28 June 2003 | by (North Carolina) – See all my reviews

I grew up in the Disney era where "Little Mermaid," "Beauty and the Beast," "Aladdin" and "The Lion King" reigned supreme among me and my elementary school pals (and to this day, if you ask one of my peers what their favorite Disney movie is, it's probably one of those or one of the Disney-Pixar creations).

But one Disney film has always remained my utter favorite and that is, indeed, "Sleeping Beauty."

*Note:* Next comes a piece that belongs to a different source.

(* Let $\mathcal{P}$ and $\mathcal{N}$ be disjoint finite index sets (positives and negatives) with $|\mathcal{P}|\ge1$, with real logits $(s_i)_{i\in\mathcal{P}\cup\mathcal{N}}$ and, for $i\in\mathcal{P}$, values $\mathrm{IoU}_i\in[0,1]$, and fix $\delta\ge0$. The bucketed algorithm described in the context computes all Bucketed AP Loss gradients (respectively all Bucketed RS Loss gradients) $g_i$, $i\in\mathcal{P}\cup\mathcal{N}$, in time $\mathcal{O}\big(\max\big((|\mathcal{P}|+|\mathcal{N}|)\log(|\mathcal{P}|+|\mathcal{N}|),\,|\mathcal{P}|^2\big)\big)$.
   Context: Smoothed step function: $H(x)=0$ for $x<-\delta$, $H(x)=\frac{x}{2\delta}+\frac12$ for $-\delta\le x\le\delta$, $H(x)=1$ for $x>\delta$ (for $\delta=0$: $H(x)=1$ if $x>0$, $0$ if $x<0$). $x_{ij}=s_j-s_i$. Ratios with zero denominator are taken as $0$. Buckets: sort all logits decreasingly; the positives appear as $\hat s^+_1\ge\dots\ge\hat s^+_{|\mathcal{P}|}$; $B_1$ is the set of negatives above $\hat s^+_1$, $B_k$ the negatives between $\hat s^+_{k-1}$ and $\hat s^+_k$, $B_{|\mathcal{P}|+1}$ the negatives below $\hat s^+_{|\mathcal{P}|}$ (so there are at most $|\mathcal{P}|+1$ buckets); $b_k=|B_k|$; for nonempty $B_k$ the prototype logit $s^b_k$ is the mean logit of $B_k$ and $x^b_{ik}=s^b_k-s_i$. For $i\in\mathcal{P}$: $N^b_{FP}(i)=\sum_kH(x^b_{ik})b_k$, $\ell^b_R(i)=\frac{N^b_{FP}(i)}{\sum_{j\in\mathcal{P}}H(x_{ij})+N^b_{FP}(i)}$, $p(k^b|i)=b_kH(x^b_{ik})/N^b_{FP}(i)$; $\mathrm{rank}^+(i)=\sum_{j\in\mathcal{P}}H(x_{ij})$; sorting error $\ell_S(i)=\frac{1}{\mathrm{rank}^+(i)}\sum_{j\in\mathcal{P}}H(x_{ij})(1-\mathrm{IoU}_j)$; target sorting error $\ell^*_S(i)=\frac{\sum_{j\in\mathcal{P}}H(x_{ij})[\mathrm{IoU}_j\ge\mathrm{IoU}_i](1-\mathrm{IoU}_j)}{\sum_{j\in\mathcal{P}}H(x_{ij})[\mathrm{IoU}_j\ge\mathrm{IoU}_i]}$; sorting pmf $p_S(j|i)=\frac{H(x_{ij})[\mathrm{IoU}_j<\mathrm{IoU}_i]}{\sum_{k\in\mathcal{P}}H(x_{ik})[\mathrm{IoU}_k<\mathrm{IoU}_i]}$. Bucketed AP gradients: $g_i=-\frac{1}{|\mathcal{P}|}\ell^b_R(i)$ for $i\in\mathcal{P}$, and $g_i=\frac{1}{|\mathcal{P}|}\sum_{j\in\mathcal{P}}\ell^b_R(j)p(k^b|j)\frac{1}{b_k}$ for a negative $i\in B_k$. Bucketed RS gradients: same for negatives, and for $i\in\mathcal{P}$, $g_i=\frac{1}{|\mathcal{P}|}\big(-\ell^b_R(i)+\ell^*_S(i)-\ell_S(i)+\sum_{j\in\mathcal{P}}(\ell_S(j)-\ell^*_S(j))p_S(i|j)\big)$. The bucketed algorithm: (1) sort all logits; (2) form the buckets and prototype logits in one pass; (3) compute all $x^b_{ik}$, $i\in\mathcal{P}$, over prototypes; (4) compute $\ell^b_R(i)$ for all $i\in\mathcal{P}$; (5) compute the primary terms $\ell^b_R(i)p(k^b|i)$ for all positive/prototype pairs; (6)–(8) (RS only) compute $\ell_S,\ell^*_S$ and the positive–positive terms $(\ell_S(i)-\ell^*_S(i))p_S(j|i)$; (9)–(10) sum primary terms to get the gradients of positives and of each prototype; (11) divide each prototype's gradient by $b_k$ and assign it to every negative of $B_k$; (12) normalize by $|\mathcal{P}|$. *)

theory Defs
  imports Complex_Main "HOL-Library.Time_Functions"
begin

Like most children, I grew up watching Disney movies -- everything from animated films like "Snow White" to "Lady and the Tramp," the semi-animated like "Mary Poppins" and "Bedknobs and Broomsticks," and the non-animated such as "The Parent Trap" and "Old Yeller." But "Sleeping Beauty" remains my favorite animated movie and you'd better believe at seventeen years of age, I'm still watching it. I cannot believe how the animation has been knocked in some reviews -- it's beautiful! They captured the medieval period so well and even the people look like, well, people. The score is beautiful and the songs "I Wonder" and "Once Upon a Dream" are sung wonderfully by Mary Costa. What a voice! Aurora is by far one of the prettiest Disney princesses (one thing that initially drew me to the movie as a child), following the formula with those trademark doe-eyes that Disney bestows upon all of their princesses and heroines. Prince Phillip actually does more than just show up to sing a song and say one line, a welcome change that answers the age old question, "What does she see in him anyway?" The three fairies are delightful (I always wanted to be Fauna!) and funny. And of course, there's the quintessential villain -- Maleficent. She scared me when I was younger and when I view the film now, no wonder. (For the longest time, I was also scared of Eleanor Audley period, but she's truly a marvelous actress.) And when Phillip kills her -- yeah, you'd better believe that's some scary business.

The story is beautiful and funny, the animation is divine, the music ethereal, and the voice talents extraordinary. This is a personal favorite and it comes highly recommended!